Response to facilities and reservoir changes. Optimizing the field gathering system to achieve low wellhead pressure is a major objective for CBM operations. Typically, because SCADA systems are cost-prohibitive, the only wellhead pressure data that is available is intermittent measurements obtained by operators driving to the well and then manually reporting the pressure readings. This is a very expensive method of collecting data. In addition, it is prone to errors as data is transcribed from system to system, and it still does not provide data trending over time, which would show the effects of facilities and reservoir changes.

On July 22, 2007, a downstream compressor was shut in at North Twining field, causing production at well 7-10-33-26 to quickly drop to zero.
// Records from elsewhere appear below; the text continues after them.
(* For all $\lambda\in[0,1]$ and all $i\neq j$, $k\in\{-1,1\}$, the functions $R_{i,j}^{(k)}$ satisfy $$R_{i,j}^{(k)}(\lambda)=\lambda\Big[p_{i,j}^{(k)}+\sum_{m\neq i,j}p_{i,m}^{(k)}R_{m,j}^{(k)}(\lambda)+\sum_{m\neq i}p_{i,m}^{(-k)}R_{m,i}^{(-k)}(\lambda)R_{i,j}^{(k)}(\lambda)\Big].$$
   Context: Fix an integer $N\ge 3$. Let $\mathcal G_N$ be the groupoid with object set $\{1,\dots,N\}$ generated by arrows $A_{i,j}^{(k)}$, $i\neq j\in\{1,\dots,N\}$, $k\in\{-1,1\}$, with source $i$ and target $j$, subject to the relations $A_{i,j}^{(k)}A_{j,\ell}^{(k)}=A_{i,\ell}^{(k)}$ for all $i,j,\ell$, $k$, with the convention $A_{i,i}^{(k)}:=e_i$ (unit at object $i$). Let $\mathcal A$ be its arrow set. Let $\{W_n\}_{n\ge0}$ be the Markov chain on $\mathcal A$ with $P(W_{n+1}=y\mid W_n=x)=p_{i,j}^{(k)}$ if $x^{-1}y=A_{i,j}^{(k)}$ with $i\ne j$ and $0$ otherwise, where $p_{i,j}^{(k)}\in(0,1)$ and $\sum_{j\ne i}\sum_{k=\pm1}p_{i,j}^{(k)}=1$ for each $i$; $P_x,E_x$ denote law and expectation with $W_0=x$. For $x\in\mathcal A$ let $T(0,x)=\inf\{n\ge0:W_n=W_0x\}$ (possibly $\infty$), and define $R_{i,j}^{(k)}(\lambda)=E_{e_i}[\lambda^{T(0,A_{i,j}^{(k)})}]=\sum_{n\ge0}P_{e_i}(T(0,A_{i,j}^{(k)})=n)\lambda^n$. *)

theory Defs
  imports Complex_Main
begin

text \<open>
  Arrows of the groupoid G_N are represented by words in the generators.
  A generator A_{a,b}^{(k)} (a \<noteq> b) applied after an arrow ending at a is
  recorded as the step (b,k).  A word starting at object i is a list of
  steps; its target is the last vertex visited.  Since every generator
  A_{a,b}^{(k)} has inverse A_{b,a}^{(k)} (by the relations), every arrow
  of G_N is represented by such a word, and two words represent the same
  arrow iff they are related by the congruence generated by the defining
  relations A_{a,b}^{(k)} A_{b,c}^{(k)} = A_{a,c}^{(k)} (with A_{a,a}^{(k)} = e_a).
\<close>

type_synonym step = "nat \<times> int"

definition last_vertex :: "nat \<Rightarrow> step list \<Rightarrow> nat" where
  "last_vertex i s = (if s = [] then i else fst (last s))"

definition valid_path :: "nat \<Rightarrow> nat \<Rightarrow> step list \<Rightarrow> bool" where
  "valid_path N i s \<longleftrightarrow> i \<in> {1..N} \<and>
     (\<forall>t < length s. fst (s ! t) \<in> {1..N} \<and> snd (s ! t) \<in> {-1, 1} \<and>
        fst (s ! t) \<noteq> last_vertex i (take t s))"

text \<open>One application (inside a word) of a defining relation
  A_{a,b}^{(k)} A_{b,c}^{(k)} = A_{a,c}^{(k)}, where A_{a,a}^{(k)} = e_a.\<close>
definition grp_rel :: "nat \<Rightarrow> nat \<Rightarrow> step list \<Rightarrow> step list \<Rightarrow> bool" where
  "grp_rel N i u v \<longleftrightarrow> valid_path N i u \<and> valid_path N i v \<and>
     (\<exists>xs ys b c k. u = xs @ [(b, k), (c, k)] @ ys \<and>
        v = (if c = last_vertex i xs then xs @ ys else xs @ [(c, k)] @ ys))"

definition same_arrow :: "nat \<Rightarrow> nat \<Rightarrow> step list \<Rightarrow> step list \<Rightarrow> bool" where
  "same_arrow N i = (\<lambda>x y. grp_rel N i x y \<or> grp_rel N i y x)\<^sup>*\<^sup>*"

definition path_prob :: "(nat \<Rightarrow> nat \<Rightarrow> int \<Rightarrow> real) \<Rightarrow> nat \<Rightarrow> step list \<Rightarrow> real" where
  "path_prob p i s = (\<Prod>t < length s. p (last_vertex i (take t s)) (fst (s ! t)) (snd (s ! t)))"

text \<open>P_{e_i}(T(0, A_{i,j}^{(k)}) = n): W_m = e_i \<cdot> (first m increments), and
  W_0 A_{i,j}^{(k)} = A_{i,j}^{(k)} is the word [(j,k)].\<close>
definition hit_prob :: "(nat \<Rightarrow> nat \<Rightarrow> int \<Rightarrow> real) \<Rightarrow> nat \<Rightarrow> nat \<Rightarrow> nat \<Rightarrow> int \<Rightarrow> nat \<Rightarrow> real" where
  "hit_prob p N i j k n =
     (\<Sum>s \<in> {s. length s = n \<and> valid_path N i s \<and> same_arrow N i s [(j, k)] \<and>
               (\<forall>m < n. \<not> same_arrow N i (take m s) [(j, k)])}. path_prob p i s)"

definition R :: "(nat \<Rightarrow> nat \<Rightarrow> int \<Rightarrow> real) \<Rightarrow> nat \<Rightarrow> nat \<Rightarrow> nat \<Rightarrow> int \<Rightarrow> real \<Rightarrow> real" where
  "R p N i j k x = (\<Sum>n. hit_prob p N i j k n * x ^ n)"

end

theory Submission
  imports Defs
begin
(* Let $G$ be a finite group of odd order $n$ and let $Z_2 = \{0,1\}$ be the near-ring with addition modulo $2$ and multiplication $a\cdot b = a$ for all $a,b \in Z_2$. Then the group near-ring $Z_2G$ has a subnear-ring $S \neq \{0\}$ which is a Boolean near-ring (i.e. $x\cdot x = x$ for all $x \in S$).
   Context: The group near-ring $Z_2G$ consists of all formal sums $\sum_{g \in G} \alpha(g) g$ with $\alpha(g) \in Z_2$; addition is coefficientwise, and the product of $\alpha = \sum_{g \in \operatorname{supp}\alpha} \alpha(g) g$ and $\beta = \sum_{h \in \operatorname{supp}\beta} \beta(h) h$ (where $\operatorname{supp}$ denotes the set of group elements with nonzero coefficient) is $\sum_{g \in \operatorname{supp}\alpha,\, h\in\operatorname{supp}\beta} (\alpha(g)\cdot\beta(h))\, gh$, like terms being collected by addition in $Z_2$. A subnear-ring is a subset that is a subgroup under addition and closed under multiplication. *)

theory Defs
  imports "HOL-Algebra.Group"
begin

text \<open>The near-ring Z2 = {0,1}, represented by bool (False = 0, True = 1):
  addition modulo 2 and multiplication a * b = a.\<close>

definition z2_add :: "bool \<Rightarrow> bool \<Rightarrow> bool" where
  "z2_add a b = (a \<noteq> b)"

definition z2_neg :: "bool \<Rightarrow> bool" where
  "z2_neg a = a"

definition z2_mult :: "bool \<Rightarrow> bool \<Rightarrow> bool" where
  "z2_mult a b = a"

definition z2_sum :: "('i \<Rightarrow> bool) \<Rightarrow> 'i set \<Rightarrow> bool" where
  "z2_sum f I = odd (card {i \<in> I. f i})"

text \<open>Elements of the group near-ring Z2G: coefficient functions on carrier G,
  zero outside the carrier.\<close>
definition gnr_elems :: "('a, 'b) monoid_scheme \<Rightarrow> ('a \<Rightarrow> bool) set" where
  "gnr_elems G = {\<alpha>. \<forall>x. x \<notin> carrier G \<longrightarrow> \<not> \<alpha> x}"

definition gnr_supp :: "('a, 'b) monoid_scheme \<Rightarrow> ('a \<Rightarrow> bool) \<Rightarrow> 'a set" where
  "gnr_supp G \<alpha> = {g \<in> carrier G. \<alpha> g}"

definition gnr_zero :: "'a \<Rightarrow> bool" where
  "gnr_zero = (\<lambda>x. False)"

definition gnr_add :: "('a, 'b) monoid_scheme \<Rightarrow> ('a \<Rightarrow> bool) \<Rightarrow> ('a \<Rightarrow> bool) \<Rightarrow> ('a \<Rightarrow> bool)" where
  "gnr_add G \<alpha> \<beta> = (\<lambda>x. if x \<in> carrier G then z2_add (\<alpha> x) (\<beta> x) else False)"

definition gnr_neg :: "('a, 'b) monoid_scheme \<Rightarrow> ('a \<Rightarrow> bool) \<Rightarrow> ('a \<Rightarrow> bool)" where
  "gnr_neg G \<alpha> = (\<lambda>x. if x \<in> carrier G then z2_neg (\<alpha> x) else False)"

text \<open>Product: sum over g in supp alpha, h in supp beta of (alpha(g) * beta(h)) gh.\<close>
definition gnr_mult :: "('a, 'b) monoid_scheme \<Rightarrow> ('a \<Rightarrow> bool) \<Rightarrow> ('a \<Rightarrow> bool) \<Rightarrow> ('a \<Rightarrow> bool)" where
  "gnr_mult G \<alpha> \<beta> = (\<lambda>x. if x \<in> carrier G then
      z2_sum (\<lambda>(g, h). z2_mult (\<alpha> g) (\<beta> h))
             {(g, h). g \<in> gnr_supp G \<alpha> \<and> h \<in> gnr_supp G \<beta> \<and> g \<otimes>\<^bsub>G\<^esub> h = x}
    else False)"

definition gnr_subnear_ring :: "('a, 'b) monoid_scheme \<Rightarrow> ('a \<Rightarrow> bool) set \<Rightarrow> bool" where
  "gnr_subnear_ring G S \<longleftrightarrow>
     S \<subseteq> gnr_elems G \<and> gnr_zero \<in> S \<and>
     (\<forall>\<alpha>\<in>S. \<forall>\<beta>\<in>S. gnr_add G \<alpha> \<beta> \<in> S) \<and>
     (\<forall>\<alpha>\<in>S. gnr_neg G \<alpha> \<in> S) \<and>
     (\<forall>\<alpha>\<in>S. \<forall>\<beta>\<in>S. gnr_mult G \<alpha> \<beta> \<in> S)"

definition gnr_boolean :: "('a, 'b) monoid_scheme \<Rightarrow> ('a \<Rightarrow> bool) set \<Rightarrow> bool" where
  "gnr_boolean G S \<longleftrightarrow> (\<forall>x\<in>S. gnr_mult G x x = x)"

end

theory Submission
  imports Defs
begin

text \<open>The sum \<open>e\<close> of all group elements satisfies \<open>e e = |G| e\<close>, because every
  \<open>x \<in> G\<close> has exactly \<open>|G|\<close> factorisations \<open>x = g h\<close>. Over \<open>Z\<^sub>2\<close> and for odd \<open>|G|\<close>
  this makes \<open>e\<close> idempotent, and then \<open>{0, e}\<close> is a Boolean subnear-ring, since
  \<open>e + e = 0\<close> and \<open>0\<close> is absorbing.\<close>

lemma (in group) card_factorizations:
  assumes "x \<in> carrier G"
  shows "card {(g, h). g \<in> carrier G \<and> h \<in> carrier G \<and> g \<otimes> h = x} = card (carrier G)"
proof -
  have "bij_betw (\<lambda>h. (x \<otimes> inv h, h)) (carrier G)
     {(g, h). g \<in> carrier G \<and> h \<in> carrier G \<and> g \<otimes> h = x}"
  proof (rule bij_betw_imageI)
    show "inj_on (\<lambda>h. (x \<otimes> inv h, h)) (carrier G)" by (auto simp: inj_on_def)
    have "g = x \<otimes> inv h" if "g \<in> carrier G" "h \<in> carrier G" "g \<otimes> h = x" for g h
      using that assms inv_solve_right by blast
    then show "(\<lambda>h. (x \<otimes> inv h, h)) ` carrier G
        = {(g, h). g \<in> carrier G \<and> h \<in> carrier G \<and> g \<otimes> h = x}"
      using assms by (auto simp: m_assoc)
  qed
  then show ?thesis by (simp add: bij_betw_same_card)
qed

definition gnr_total :: "('a, 'b) monoid_scheme \<Rightarrow> 'a \<Rightarrow> bool" where
  "gnr_total G = (\<lambda>x. x \<in> carrier G)"

lemma gnr_total_in_elems: "gnr_total G \<in> gnr_elems G"
  by (simp add: gnr_total_def gnr_elems_def)

lemma gnr_total_neq_zero: "monoid G \<Longrightarrow> gnr_total G \<noteq> gnr_zero"
  unfolding gnr_total_def gnr_zero_def by (metis monoid.one_closed)

text \<open>For infinite \<open>G\<close> both sides vanish, as \<open>card\<close> is then \<open>0\<close>.\<close>

lemma gnr_mult_total_self:
  assumes "group G"
  shows "gnr_mult G (gnr_total G) (gnr_total G)
    = (if odd (card (carrier G)) then gnr_total G else gnr_zero)"
proof
  fix x
  show "gnr_mult G (gnr_total G) (gnr_total G) x
    = (if odd (card (carrier G)) then gnr_total G else gnr_zero) x"
  proof (cases "x \<in> carrier G")
    case True
    have "{p \<in> {(g, h). g \<in> gnr_supp G (gnr_total G) \<and> h \<in> gnr_supp G (gnr_total G)
                         \<and> g \<otimes>\<^bsub>G\<^esub> h = x}.
             (\<lambda>(g, h). z2_mult (gnr_total G g) (gnr_total G h)) p}
          = {(g, h). g \<in> carrier G \<and> h \<in> carrier G \<and> g \<otimes>\<^bsub>G\<^esub> h = x}"
      by (auto simp: gnr_supp_def gnr_total_def z2_mult_def)
    with True group.card_factorizations[OF assms True] show ?thesis
      by (simp add: gnr_mult_def z2_sum_def gnr_total_def gnr_zero_def)
  qed (simp add: gnr_mult_def gnr_total_def gnr_zero_def)
qed

lemma gnr_add_self: "gnr_add G \<alpha> \<alpha> = gnr_zero"
  by (simp add: gnr_add_def z2_add_def gnr_zero_def)

lemma gnr_add_zero_left: "\<alpha> \<in> gnr_elems G \<Longrightarrow> gnr_add G gnr_zero \<alpha> = \<alpha>"
  by (auto simp: gnr_add_def z2_add_def gnr_zero_def gnr_elems_def)

lemma gnr_add_zero_right: "\<alpha> \<in> gnr_elems G \<Longrightarrow> gnr_add G \<alpha> gnr_zero = \<alpha>"
  by (auto simp: gnr_add_def z2_add_def gnr_zero_def gnr_elems_def)

lemma gnr_neg_eq_self: "\<alpha> \<in> gnr_elems G \<Longrightarrow> gnr_neg G \<alpha> = \<alpha>"
  by (auto simp: gnr_neg_def z2_neg_def gnr_elems_def)

lemma gnr_mult_zero_left: "gnr_mult G gnr_zero \<beta> = gnr_zero"
  by (auto simp: gnr_mult_def gnr_zero_def gnr_supp_def z2_sum_def)

lemma gnr_mult_zero_right: "gnr_mult G \<alpha> gnr_zero = gnr_zero"
  by (auto simp: gnr_mult_def gnr_zero_def gnr_supp_def z2_sum_def)

lemma gnr_zero_in_elems: "gnr_zero \<in> gnr_elems G"
  by (simp add: gnr_zero_def gnr_elems_def)

lemma gnr_subnear_ring_idempotent:
  assumes "\<alpha> \<in> gnr_elems G" and "gnr_mult G \<alpha> \<alpha> = \<alpha>"
  shows "gnr_subnear_ring G {gnr_zero, \<alpha>}" and "gnr_boolean G {gnr_zero, \<alpha>}"
  using assms gnr_zero_in_elems[of G] gnr_neg_eq_self[of gnr_zero G]
  by (auto simp: gnr_subnear_ring_def gnr_boolean_def gnr_add_self gnr_add_zero_left
      gnr_add_zero_right gnr_neg_eq_self gnr_mult_zero_left gnr_mult_zero_right)

theorem theorem3p5p6:
  fixes G :: "('a, 'b) monoid_scheme"
  assumes "group G" and "finite (carrier G)" and "odd (card (carrier G))"
  shows "\<exists>S. gnr_subnear_ring G S \<and> S \<noteq> {gnr_zero} \<and> gnr_boolean G S"
proof -
  let ?e = "gnr_total G"
  have "gnr_mult G ?e ?e = ?e"
    using gnr_mult_total_self[OF assms(1)] assms(3) by simp
  then have "gnr_subnear_ring G {gnr_zero, ?e}" and "gnr_boolean G {gnr_zero, ?e}"
    using gnr_subnear_ring_idempotent gnr_total_in_elems by blast+
  moreover have "{gnr_zero, ?e} \<noteq> {gnr_zero}"
    using gnr_total_neq_zero[OF group.is_monoid[OF assms(1)]] by auto
  ultimately show ?thesis by blast
qed

end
After the compressor came back online on July 30, the well immediately returned to its previous level of production, Fig. 9. Though this compressor shut-in was planned, the example illustrates the ability of the well-monitoring system to act as an “alarm” when downstream facilities go offline or changes occur in the reservoir unexpectedly. The system can also show whether production was fully restored after a reservoir or facilities change is addressed.

Fig. 9

Fig. 9. Displayed wellhead changes at North Twining well 7-10-33-26 during compressor shut-in illustrate the system’s ability to act as an “alarm” when downstream facilities go offline or changes occur in the reservoir unexpectedly.

Cost-effectiveness of wellbore water removal. Well 14-30-32-24 had water cleaned out on July 3, 2007, resulting in a sudden and dramatic increase in production, to an average of 148.3 Mcfd (4.20 Mcmd) from 55.8 Mcfd (1.58 Mcmd). However the increased production lasted only for 10 days, as the well again filled with water, Fig. 10. Based on the flowrate data for the individual well, the operator was able to measure the cost of dewatering the wellbore again against the expected production benefit. As of press time, the operator has not taken action to remove the water from well 14-30-32-24.

Fig. 10

Fig. 10. By monitoring production at North Twining well 14-30-32-24 after water was cleaned out of the well, the operator determined that the probable increase from dewatering the well again did not justify the expenditure.

 

CONCLUSION

The new, low-cost monitoring method for unconventional wells has shown itself to be effective in monitoring wells on a regular basis, and Pengrowth has placed orders for additional systems. Operations personnel plan their daily route after reviewing flowrates, reducing the time spent on site and consequently reducing staffing requirements. Production engineers use the data to plan well cleanouts and monitor performance after intervention. Downtime from such events as a wellbore loading with water can be investigated in a timely fashion, which is especially significant in cases where the wells are operated by third parties. New well performance is closely monitored, and decline analysis is used to plan future development and infrastructure. The individual well monitoring is also beneficial for balancing the gathering system operation when new wells are added from high-permeability sand reservoirs.

The monitoring system has been used by producers in unconventional gas fields to complement their existing (high-accuracy) group metering with cost-effective, field-wide monitoring, so they can see the production from individual wellheads. This wellhead monitoring allows them to optimize service operations, minimize downtime and maximize production volumes. WO 


THE AUTHORS


Steve Conquergood is the chief technical officer of Advanced Flow Technologies and the inventor of the Flow-Net well-monitoring system. Mr. Conquergood’s diverse career includes project management, product design and development, and quality management. He has a mechanical engineering degree and 25 years’ experience specializing in measurement, automation, software and instrumentation.


 

Lawrence Schafers is team lead from Project Engineering at Pengrowth Corp. He is also responsible for pipeline and facility construction related to the company’s coalbed methane program. Mr. Schafers has 15 years’ experience in project engineering and project management. He earned a BSc degree in mechanical engineering at the University of Alberta in 1992.